Collected data entries:
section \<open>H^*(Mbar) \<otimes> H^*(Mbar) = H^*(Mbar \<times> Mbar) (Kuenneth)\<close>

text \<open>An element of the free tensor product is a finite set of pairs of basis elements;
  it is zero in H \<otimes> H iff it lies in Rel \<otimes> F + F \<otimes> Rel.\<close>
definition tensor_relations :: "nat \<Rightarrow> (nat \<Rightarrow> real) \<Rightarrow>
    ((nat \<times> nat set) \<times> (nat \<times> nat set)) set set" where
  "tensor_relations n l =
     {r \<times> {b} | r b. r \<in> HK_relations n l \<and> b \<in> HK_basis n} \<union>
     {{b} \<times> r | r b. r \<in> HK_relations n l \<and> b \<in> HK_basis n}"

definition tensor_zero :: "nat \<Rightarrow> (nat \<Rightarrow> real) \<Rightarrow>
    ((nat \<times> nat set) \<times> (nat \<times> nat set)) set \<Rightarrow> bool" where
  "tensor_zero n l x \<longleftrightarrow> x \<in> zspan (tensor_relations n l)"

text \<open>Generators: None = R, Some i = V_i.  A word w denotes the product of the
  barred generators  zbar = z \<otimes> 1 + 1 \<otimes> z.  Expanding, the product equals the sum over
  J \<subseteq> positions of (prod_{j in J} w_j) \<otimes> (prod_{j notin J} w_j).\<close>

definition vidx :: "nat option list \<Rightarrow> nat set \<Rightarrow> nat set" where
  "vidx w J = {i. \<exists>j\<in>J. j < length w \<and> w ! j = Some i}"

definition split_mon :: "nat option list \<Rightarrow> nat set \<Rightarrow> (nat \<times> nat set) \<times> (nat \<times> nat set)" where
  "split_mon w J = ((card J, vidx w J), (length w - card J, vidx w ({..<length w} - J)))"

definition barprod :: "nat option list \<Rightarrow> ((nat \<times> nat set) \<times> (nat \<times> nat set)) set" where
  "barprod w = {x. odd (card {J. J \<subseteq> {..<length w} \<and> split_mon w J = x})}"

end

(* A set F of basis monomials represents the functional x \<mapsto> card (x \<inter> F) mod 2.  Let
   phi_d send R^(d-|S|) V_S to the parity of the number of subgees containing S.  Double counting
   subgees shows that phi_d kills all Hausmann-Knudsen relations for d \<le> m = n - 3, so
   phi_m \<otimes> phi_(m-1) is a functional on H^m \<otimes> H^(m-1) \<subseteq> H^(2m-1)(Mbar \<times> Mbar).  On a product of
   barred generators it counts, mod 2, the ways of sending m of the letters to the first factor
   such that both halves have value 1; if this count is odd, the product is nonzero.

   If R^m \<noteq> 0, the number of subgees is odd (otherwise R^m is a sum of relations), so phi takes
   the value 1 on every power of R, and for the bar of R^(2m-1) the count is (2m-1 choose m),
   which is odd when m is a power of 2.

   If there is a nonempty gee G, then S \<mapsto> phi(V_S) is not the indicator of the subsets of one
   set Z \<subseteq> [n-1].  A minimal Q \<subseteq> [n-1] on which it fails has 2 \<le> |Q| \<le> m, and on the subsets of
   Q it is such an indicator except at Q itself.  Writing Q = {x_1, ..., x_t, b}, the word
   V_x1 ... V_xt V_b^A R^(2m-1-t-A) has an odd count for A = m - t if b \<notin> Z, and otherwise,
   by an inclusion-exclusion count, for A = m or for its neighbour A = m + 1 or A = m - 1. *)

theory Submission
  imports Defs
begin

...

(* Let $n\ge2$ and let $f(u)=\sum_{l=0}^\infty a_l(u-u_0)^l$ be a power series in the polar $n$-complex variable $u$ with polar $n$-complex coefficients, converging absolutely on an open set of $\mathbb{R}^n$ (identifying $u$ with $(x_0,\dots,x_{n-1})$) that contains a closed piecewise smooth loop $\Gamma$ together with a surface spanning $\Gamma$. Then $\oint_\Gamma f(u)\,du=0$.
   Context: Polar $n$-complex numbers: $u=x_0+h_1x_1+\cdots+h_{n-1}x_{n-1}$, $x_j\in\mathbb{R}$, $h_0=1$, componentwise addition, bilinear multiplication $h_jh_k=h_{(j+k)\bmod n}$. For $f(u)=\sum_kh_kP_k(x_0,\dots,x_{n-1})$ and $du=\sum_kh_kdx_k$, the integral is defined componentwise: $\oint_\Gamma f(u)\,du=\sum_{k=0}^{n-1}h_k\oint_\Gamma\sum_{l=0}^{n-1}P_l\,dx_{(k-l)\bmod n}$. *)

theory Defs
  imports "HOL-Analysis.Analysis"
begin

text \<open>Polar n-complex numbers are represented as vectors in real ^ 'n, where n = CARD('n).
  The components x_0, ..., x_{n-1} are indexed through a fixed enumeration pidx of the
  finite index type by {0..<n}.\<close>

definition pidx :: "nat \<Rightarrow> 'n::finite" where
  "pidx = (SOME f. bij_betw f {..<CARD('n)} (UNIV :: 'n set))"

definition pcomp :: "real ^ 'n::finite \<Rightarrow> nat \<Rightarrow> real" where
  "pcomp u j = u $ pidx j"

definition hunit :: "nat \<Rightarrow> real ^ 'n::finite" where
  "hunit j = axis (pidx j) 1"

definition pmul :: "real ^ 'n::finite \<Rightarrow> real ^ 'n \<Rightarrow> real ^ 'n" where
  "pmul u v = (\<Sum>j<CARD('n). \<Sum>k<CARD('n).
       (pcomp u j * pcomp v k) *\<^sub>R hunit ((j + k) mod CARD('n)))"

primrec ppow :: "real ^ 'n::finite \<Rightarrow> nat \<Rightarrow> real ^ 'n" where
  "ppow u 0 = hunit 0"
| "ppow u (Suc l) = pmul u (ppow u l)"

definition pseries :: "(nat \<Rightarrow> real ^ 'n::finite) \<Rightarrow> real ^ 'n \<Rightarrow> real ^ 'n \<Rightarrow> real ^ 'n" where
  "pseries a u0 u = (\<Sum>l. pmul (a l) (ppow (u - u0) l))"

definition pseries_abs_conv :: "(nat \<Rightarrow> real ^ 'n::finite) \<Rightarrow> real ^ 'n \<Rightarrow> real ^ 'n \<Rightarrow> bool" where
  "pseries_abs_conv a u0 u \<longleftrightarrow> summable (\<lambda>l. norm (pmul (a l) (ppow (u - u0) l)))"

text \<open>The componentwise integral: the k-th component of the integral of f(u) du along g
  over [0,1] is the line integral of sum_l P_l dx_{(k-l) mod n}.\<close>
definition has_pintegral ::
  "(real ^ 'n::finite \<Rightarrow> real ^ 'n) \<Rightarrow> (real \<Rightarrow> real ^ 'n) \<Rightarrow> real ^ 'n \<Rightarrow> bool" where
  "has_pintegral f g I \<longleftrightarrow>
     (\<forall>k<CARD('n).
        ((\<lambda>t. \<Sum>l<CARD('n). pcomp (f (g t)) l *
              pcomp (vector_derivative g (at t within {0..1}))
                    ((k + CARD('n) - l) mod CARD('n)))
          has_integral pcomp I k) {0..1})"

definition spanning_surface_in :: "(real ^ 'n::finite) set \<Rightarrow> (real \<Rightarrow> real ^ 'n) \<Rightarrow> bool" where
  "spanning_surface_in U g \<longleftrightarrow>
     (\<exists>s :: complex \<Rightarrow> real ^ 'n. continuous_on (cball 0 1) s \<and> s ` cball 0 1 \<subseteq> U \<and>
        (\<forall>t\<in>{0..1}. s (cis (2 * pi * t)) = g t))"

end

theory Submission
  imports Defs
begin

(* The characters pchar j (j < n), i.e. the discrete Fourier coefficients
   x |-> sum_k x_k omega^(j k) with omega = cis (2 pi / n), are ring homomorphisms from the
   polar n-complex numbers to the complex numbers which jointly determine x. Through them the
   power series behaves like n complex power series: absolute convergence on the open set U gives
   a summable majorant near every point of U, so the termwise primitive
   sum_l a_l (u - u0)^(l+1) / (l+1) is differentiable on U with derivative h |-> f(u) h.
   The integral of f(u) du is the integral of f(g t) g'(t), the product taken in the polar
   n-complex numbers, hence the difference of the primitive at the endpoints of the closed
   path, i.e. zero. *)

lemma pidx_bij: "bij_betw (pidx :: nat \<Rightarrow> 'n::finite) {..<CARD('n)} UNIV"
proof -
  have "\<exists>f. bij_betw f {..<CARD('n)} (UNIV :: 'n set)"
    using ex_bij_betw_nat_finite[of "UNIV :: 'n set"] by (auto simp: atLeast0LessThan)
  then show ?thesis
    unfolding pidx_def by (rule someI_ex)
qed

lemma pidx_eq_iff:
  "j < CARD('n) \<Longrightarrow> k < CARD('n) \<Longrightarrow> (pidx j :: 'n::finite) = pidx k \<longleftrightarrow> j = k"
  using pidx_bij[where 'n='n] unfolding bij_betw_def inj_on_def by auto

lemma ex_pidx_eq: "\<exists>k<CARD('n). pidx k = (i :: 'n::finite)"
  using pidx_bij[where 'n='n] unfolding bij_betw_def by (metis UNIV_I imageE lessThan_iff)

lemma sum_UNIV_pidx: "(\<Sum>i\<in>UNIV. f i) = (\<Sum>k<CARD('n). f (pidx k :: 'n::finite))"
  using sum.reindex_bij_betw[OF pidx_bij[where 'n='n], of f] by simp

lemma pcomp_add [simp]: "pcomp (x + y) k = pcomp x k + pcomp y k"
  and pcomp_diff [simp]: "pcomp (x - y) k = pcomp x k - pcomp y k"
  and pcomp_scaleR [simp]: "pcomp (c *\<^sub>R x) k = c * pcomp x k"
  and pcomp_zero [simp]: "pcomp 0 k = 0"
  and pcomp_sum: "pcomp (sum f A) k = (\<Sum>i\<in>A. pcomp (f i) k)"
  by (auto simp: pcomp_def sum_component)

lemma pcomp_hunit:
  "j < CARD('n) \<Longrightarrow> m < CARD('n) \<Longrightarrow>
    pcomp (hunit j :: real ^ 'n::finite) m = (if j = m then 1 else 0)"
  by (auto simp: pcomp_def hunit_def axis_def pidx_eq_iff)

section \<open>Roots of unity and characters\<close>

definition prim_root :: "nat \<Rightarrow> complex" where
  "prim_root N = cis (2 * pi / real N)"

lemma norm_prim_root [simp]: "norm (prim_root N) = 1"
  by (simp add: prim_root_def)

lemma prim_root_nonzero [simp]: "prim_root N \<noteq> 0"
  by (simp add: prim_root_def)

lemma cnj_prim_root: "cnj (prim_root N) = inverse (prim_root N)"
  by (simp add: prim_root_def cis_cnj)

--

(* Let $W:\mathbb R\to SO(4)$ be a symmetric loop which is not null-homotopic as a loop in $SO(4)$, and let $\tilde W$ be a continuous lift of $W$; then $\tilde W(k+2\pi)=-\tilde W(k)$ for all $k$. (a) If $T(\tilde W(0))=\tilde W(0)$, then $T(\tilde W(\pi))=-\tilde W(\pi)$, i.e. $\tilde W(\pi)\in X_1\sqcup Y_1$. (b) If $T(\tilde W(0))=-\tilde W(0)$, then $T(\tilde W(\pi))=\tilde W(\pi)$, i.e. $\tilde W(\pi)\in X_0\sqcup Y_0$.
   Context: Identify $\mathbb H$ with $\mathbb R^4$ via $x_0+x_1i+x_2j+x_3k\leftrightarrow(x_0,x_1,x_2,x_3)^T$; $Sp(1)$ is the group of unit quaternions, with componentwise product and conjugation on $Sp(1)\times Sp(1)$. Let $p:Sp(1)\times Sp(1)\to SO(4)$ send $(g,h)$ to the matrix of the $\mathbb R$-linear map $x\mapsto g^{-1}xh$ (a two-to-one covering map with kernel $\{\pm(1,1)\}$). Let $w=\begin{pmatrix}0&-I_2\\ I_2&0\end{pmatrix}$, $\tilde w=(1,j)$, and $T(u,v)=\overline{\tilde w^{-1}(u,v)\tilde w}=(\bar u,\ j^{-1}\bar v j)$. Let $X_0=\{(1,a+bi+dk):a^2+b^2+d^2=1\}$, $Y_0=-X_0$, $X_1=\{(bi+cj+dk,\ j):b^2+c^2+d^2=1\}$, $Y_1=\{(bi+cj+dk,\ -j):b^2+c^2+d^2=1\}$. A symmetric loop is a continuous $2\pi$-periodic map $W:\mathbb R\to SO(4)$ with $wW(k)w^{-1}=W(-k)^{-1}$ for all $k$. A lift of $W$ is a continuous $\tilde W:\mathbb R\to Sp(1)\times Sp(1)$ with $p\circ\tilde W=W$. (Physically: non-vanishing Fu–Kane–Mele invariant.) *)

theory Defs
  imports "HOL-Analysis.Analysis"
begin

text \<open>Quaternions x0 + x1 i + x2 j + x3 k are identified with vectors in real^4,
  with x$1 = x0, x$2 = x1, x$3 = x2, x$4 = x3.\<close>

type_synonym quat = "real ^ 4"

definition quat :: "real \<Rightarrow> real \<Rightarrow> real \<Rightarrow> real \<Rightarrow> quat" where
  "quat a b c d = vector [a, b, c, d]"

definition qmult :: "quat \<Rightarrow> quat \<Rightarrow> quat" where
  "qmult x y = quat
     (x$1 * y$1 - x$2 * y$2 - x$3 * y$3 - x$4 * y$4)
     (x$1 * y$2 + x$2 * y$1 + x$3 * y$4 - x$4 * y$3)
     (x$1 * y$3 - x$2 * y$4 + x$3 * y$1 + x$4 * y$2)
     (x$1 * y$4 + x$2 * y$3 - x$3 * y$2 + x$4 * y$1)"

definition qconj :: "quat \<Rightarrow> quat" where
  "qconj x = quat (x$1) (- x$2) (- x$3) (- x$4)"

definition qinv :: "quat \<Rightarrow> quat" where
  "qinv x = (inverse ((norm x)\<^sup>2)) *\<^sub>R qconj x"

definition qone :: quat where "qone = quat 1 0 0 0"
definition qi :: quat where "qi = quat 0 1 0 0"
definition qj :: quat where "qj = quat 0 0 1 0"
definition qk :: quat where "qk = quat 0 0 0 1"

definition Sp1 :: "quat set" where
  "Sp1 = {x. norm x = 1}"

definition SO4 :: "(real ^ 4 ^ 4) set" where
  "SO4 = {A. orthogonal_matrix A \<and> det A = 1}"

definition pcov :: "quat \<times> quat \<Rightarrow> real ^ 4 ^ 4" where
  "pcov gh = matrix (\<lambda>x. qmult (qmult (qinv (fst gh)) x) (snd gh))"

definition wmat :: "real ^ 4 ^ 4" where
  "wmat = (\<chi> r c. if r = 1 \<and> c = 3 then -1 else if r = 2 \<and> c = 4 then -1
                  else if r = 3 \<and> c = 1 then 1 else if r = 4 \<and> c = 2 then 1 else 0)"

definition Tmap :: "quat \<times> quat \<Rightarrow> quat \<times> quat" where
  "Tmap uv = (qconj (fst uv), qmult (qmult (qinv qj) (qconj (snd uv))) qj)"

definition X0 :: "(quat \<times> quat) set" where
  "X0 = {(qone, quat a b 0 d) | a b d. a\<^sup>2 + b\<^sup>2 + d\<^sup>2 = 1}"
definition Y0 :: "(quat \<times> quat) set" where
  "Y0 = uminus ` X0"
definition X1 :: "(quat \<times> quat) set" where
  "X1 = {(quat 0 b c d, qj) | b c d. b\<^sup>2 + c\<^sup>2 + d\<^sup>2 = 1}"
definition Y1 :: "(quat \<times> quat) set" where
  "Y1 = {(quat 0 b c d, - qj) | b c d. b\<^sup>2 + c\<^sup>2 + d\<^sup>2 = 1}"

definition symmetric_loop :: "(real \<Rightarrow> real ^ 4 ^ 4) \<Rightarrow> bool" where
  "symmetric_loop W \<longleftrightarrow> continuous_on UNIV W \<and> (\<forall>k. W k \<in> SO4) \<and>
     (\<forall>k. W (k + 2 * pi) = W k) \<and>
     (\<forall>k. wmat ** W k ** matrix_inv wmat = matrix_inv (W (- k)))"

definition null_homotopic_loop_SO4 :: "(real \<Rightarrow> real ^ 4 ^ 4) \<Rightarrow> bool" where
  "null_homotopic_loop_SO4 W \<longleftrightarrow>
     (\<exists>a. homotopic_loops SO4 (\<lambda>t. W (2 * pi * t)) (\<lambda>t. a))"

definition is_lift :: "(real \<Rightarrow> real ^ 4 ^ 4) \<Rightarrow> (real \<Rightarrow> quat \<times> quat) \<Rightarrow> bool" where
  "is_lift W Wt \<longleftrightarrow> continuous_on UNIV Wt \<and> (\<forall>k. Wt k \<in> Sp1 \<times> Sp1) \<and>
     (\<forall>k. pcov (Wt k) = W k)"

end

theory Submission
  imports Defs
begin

**WHAT IS NEEDED**: Find each line in the data above with the word "noteq", then copy it.

**THE ANSWER**:
   If R^m \<noteq> 0, the number of subgees is odd (otherwise R^m is a sum of relations), so phi takes
lemma prim_root_nonzero [simp]: "prim_root N \<noteq> 0"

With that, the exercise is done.